Material supplied:
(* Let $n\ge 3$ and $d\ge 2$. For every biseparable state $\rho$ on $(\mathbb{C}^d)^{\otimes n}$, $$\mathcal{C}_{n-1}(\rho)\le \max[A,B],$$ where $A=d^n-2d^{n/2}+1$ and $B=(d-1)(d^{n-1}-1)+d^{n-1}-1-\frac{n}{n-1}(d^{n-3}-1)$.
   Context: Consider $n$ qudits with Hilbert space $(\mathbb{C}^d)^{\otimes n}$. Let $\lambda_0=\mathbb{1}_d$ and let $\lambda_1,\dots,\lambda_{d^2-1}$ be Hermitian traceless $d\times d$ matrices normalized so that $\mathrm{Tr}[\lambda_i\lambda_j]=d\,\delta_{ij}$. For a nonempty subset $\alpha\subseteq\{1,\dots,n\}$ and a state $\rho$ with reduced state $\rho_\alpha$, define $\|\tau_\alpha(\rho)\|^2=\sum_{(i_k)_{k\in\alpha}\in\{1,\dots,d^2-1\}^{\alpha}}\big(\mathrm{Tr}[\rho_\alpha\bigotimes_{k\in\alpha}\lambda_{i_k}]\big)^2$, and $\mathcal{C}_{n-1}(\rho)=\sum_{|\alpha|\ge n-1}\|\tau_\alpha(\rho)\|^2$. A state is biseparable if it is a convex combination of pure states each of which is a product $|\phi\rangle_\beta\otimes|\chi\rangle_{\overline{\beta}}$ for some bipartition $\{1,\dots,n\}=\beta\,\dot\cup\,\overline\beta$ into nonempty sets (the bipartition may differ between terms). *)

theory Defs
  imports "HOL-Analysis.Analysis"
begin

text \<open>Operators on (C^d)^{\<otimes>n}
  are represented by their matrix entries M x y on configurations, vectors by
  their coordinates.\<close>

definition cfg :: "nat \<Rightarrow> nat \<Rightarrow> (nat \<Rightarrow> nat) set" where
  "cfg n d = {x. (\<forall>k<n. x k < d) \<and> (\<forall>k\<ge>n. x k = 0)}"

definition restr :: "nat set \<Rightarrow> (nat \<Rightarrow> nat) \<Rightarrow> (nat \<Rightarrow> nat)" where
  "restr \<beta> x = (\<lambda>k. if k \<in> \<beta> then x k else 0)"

What the task asks: Tell how many lines in the material above include the word "their", giving the number only.

Written reply: 2